| BRIEF |
Write out, word for word, every line in the data below from the one containing "text \<open>We write" to the one containing "Poly_Mapping.single (fst \<alpha>", both of them included.

* * * * * * * * *

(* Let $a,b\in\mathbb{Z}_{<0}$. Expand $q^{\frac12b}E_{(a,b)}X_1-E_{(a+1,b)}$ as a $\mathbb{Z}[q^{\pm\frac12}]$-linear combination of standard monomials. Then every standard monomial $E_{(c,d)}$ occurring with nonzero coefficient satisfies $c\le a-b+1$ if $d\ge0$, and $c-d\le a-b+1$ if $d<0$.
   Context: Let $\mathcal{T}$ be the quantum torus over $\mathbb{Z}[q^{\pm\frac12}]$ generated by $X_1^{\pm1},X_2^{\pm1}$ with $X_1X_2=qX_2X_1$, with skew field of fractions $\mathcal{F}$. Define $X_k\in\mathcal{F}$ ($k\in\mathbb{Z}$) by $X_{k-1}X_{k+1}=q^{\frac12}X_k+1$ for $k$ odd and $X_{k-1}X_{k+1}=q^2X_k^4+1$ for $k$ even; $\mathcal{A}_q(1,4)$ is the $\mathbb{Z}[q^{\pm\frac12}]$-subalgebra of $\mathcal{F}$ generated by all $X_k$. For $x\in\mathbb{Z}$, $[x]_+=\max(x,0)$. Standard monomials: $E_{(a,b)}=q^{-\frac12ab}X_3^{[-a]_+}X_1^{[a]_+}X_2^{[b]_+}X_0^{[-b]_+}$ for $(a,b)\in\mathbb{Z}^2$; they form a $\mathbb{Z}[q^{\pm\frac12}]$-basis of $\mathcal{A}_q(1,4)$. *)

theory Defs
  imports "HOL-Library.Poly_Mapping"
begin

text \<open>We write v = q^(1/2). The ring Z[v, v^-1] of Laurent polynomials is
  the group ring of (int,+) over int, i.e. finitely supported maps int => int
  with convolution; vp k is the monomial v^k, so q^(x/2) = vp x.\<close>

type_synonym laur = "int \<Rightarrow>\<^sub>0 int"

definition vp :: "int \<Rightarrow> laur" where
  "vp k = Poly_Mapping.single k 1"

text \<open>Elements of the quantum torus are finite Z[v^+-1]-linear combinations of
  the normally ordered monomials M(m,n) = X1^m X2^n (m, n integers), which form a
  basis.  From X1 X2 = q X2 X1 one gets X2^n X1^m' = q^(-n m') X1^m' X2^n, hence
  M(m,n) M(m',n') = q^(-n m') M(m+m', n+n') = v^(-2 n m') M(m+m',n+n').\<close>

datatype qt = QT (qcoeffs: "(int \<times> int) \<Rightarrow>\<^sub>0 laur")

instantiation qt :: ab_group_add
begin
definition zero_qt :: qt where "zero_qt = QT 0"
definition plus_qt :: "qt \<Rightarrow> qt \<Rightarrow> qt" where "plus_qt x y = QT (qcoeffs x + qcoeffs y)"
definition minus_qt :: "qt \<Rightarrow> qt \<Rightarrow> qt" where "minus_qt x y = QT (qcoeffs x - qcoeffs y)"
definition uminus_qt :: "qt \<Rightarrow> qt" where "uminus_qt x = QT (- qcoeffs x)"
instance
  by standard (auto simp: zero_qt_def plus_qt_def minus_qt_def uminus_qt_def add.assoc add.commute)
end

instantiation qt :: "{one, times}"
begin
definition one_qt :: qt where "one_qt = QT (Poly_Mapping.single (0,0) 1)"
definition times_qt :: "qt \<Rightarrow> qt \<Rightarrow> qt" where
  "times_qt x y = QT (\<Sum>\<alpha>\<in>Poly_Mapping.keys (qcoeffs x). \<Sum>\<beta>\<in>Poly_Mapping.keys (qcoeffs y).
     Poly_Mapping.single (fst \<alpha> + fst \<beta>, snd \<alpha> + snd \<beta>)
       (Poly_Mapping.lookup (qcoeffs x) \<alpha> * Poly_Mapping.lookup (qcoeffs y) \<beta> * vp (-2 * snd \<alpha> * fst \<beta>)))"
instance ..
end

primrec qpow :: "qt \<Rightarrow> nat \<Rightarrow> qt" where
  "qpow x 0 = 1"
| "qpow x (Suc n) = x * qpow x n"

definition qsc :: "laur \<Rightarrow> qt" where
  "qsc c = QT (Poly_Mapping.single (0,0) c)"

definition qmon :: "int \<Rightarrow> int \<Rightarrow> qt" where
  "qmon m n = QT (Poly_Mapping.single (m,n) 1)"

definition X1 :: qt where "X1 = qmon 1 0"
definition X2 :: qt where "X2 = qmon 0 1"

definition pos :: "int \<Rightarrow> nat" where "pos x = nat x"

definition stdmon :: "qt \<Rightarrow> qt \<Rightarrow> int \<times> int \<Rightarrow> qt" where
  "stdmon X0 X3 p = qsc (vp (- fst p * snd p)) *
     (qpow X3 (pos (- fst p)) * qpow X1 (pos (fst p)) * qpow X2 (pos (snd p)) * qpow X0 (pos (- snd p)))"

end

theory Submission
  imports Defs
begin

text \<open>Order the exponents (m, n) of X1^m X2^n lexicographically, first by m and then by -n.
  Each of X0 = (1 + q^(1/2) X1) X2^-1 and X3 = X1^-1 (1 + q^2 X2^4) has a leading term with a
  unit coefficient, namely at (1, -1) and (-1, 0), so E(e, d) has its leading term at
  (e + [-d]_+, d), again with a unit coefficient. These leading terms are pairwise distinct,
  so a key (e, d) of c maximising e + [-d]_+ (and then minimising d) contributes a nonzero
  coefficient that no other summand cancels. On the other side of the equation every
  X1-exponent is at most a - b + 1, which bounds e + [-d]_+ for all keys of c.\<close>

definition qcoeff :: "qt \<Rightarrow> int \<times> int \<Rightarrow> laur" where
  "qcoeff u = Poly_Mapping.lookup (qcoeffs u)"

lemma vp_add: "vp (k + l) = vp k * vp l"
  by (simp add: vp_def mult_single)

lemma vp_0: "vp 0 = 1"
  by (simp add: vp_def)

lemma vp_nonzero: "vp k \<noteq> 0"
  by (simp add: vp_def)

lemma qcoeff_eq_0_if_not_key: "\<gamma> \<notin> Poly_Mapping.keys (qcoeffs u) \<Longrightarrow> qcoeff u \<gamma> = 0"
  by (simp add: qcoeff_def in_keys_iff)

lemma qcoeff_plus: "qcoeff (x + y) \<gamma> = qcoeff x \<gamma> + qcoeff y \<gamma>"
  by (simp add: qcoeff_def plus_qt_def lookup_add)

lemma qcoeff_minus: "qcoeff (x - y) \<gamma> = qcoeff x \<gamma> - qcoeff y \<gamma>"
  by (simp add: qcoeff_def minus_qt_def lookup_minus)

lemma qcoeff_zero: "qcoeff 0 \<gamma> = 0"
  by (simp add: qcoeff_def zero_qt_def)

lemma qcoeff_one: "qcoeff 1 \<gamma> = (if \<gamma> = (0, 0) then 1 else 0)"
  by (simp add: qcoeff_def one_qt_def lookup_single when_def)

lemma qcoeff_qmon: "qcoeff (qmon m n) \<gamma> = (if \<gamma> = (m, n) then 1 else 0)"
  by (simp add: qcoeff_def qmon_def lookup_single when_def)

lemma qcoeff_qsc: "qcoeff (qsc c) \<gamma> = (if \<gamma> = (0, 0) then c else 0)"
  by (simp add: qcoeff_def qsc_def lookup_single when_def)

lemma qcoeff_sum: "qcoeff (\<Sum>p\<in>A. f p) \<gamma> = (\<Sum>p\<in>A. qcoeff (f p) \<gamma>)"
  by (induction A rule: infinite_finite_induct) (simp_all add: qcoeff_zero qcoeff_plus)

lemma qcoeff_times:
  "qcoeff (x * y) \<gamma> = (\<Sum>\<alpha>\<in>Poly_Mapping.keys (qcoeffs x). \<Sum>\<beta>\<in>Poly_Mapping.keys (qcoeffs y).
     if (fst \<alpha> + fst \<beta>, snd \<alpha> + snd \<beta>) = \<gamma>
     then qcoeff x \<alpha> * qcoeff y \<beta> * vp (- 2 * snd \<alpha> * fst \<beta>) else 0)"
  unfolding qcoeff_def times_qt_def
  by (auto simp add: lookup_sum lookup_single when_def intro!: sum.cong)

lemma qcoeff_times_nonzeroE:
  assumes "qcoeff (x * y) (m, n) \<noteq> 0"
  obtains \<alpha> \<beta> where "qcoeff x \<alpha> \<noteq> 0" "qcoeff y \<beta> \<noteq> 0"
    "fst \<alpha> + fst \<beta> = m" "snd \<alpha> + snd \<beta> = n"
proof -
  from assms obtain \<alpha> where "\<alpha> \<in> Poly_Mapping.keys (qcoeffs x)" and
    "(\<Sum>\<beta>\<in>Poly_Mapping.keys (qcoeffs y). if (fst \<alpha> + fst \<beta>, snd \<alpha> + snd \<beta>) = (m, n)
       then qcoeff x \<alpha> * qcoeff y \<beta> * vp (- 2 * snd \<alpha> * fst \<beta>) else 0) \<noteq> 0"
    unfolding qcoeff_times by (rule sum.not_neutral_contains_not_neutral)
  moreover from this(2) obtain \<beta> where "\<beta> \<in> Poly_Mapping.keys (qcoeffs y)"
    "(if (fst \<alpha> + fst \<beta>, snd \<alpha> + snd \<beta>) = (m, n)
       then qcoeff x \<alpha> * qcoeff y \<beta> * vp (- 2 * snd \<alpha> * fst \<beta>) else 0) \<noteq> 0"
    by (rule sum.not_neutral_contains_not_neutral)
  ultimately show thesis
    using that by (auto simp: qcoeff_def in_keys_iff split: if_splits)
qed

* * * * * * * * *

| ANSWER FOR THIS EXERCISE |
text \<open>We write v = q^(1/2). The ring Z[v, v^-1] of Laurent polynomials is
  the group ring of (int,+) over int, i.e. finitely supported maps int => int
  with convolution; vp k is the monomial v^k, so q^(x/2) = vp x.\<close>

type_synonym laur = "int \<Rightarrow>\<^sub>0 int"

definition vp :: "int \<Rightarrow> laur" where
  "vp k = Poly_Mapping.single k 1"

text \<open>Elements of the quantum torus are finite Z[v^+-1]-linear combinations of
  the normally ordered monomials M(m,n) = X1^m X2^n (m, n integers), which form a
  basis.  From X1 X2 = q X2 X1 one gets X2^n X1^m' = q^(-n m') X1^m' X2^n, hence
  M(m,n) M(m',n') = q^(-n m') M(m+m', n+n') = v^(-2 n m') M(m+m',n+n').\<close>

datatype qt = QT (qcoeffs: "(int \<times> int) \<Rightarrow>\<^sub>0 laur")

instantiation qt :: ab_group_add
begin
definition zero_qt :: qt where "zero_qt = QT 0"
definition plus_qt :: "qt \<Rightarrow> qt \<Rightarrow> qt" where "plus_qt x y = QT (qcoeffs x + qcoeffs y)"
definition minus_qt :: "qt \<Rightarrow> qt \<Rightarrow> qt" where "minus_qt x y = QT (qcoeffs x - qcoeffs y)"
definition uminus_qt :: "qt \<Rightarrow> qt" where "uminus_qt x = QT (- qcoeffs x)"
instance
  by standard (auto simp: zero_qt_def plus_qt_def minus_qt_def uminus_qt_def add.assoc add.commute)
end

instantiation qt :: "{one, times}"
begin
definition one_qt :: qt where "one_qt = QT (Poly_Mapping.single (0,0) 1)"
definition times_qt :: "qt \<Rightarrow> qt \<Rightarrow> qt" where
  "times_qt x y = QT (\<Sum>\<alpha>\<in>Poly_Mapping.keys (qcoeffs x). \<Sum>\<beta>\<in>Poly_Mapping.keys (qcoeffs y).
     Poly_Mapping.single (fst \<alpha> + fst \<beta>, snd \<alpha> + snd \<beta>)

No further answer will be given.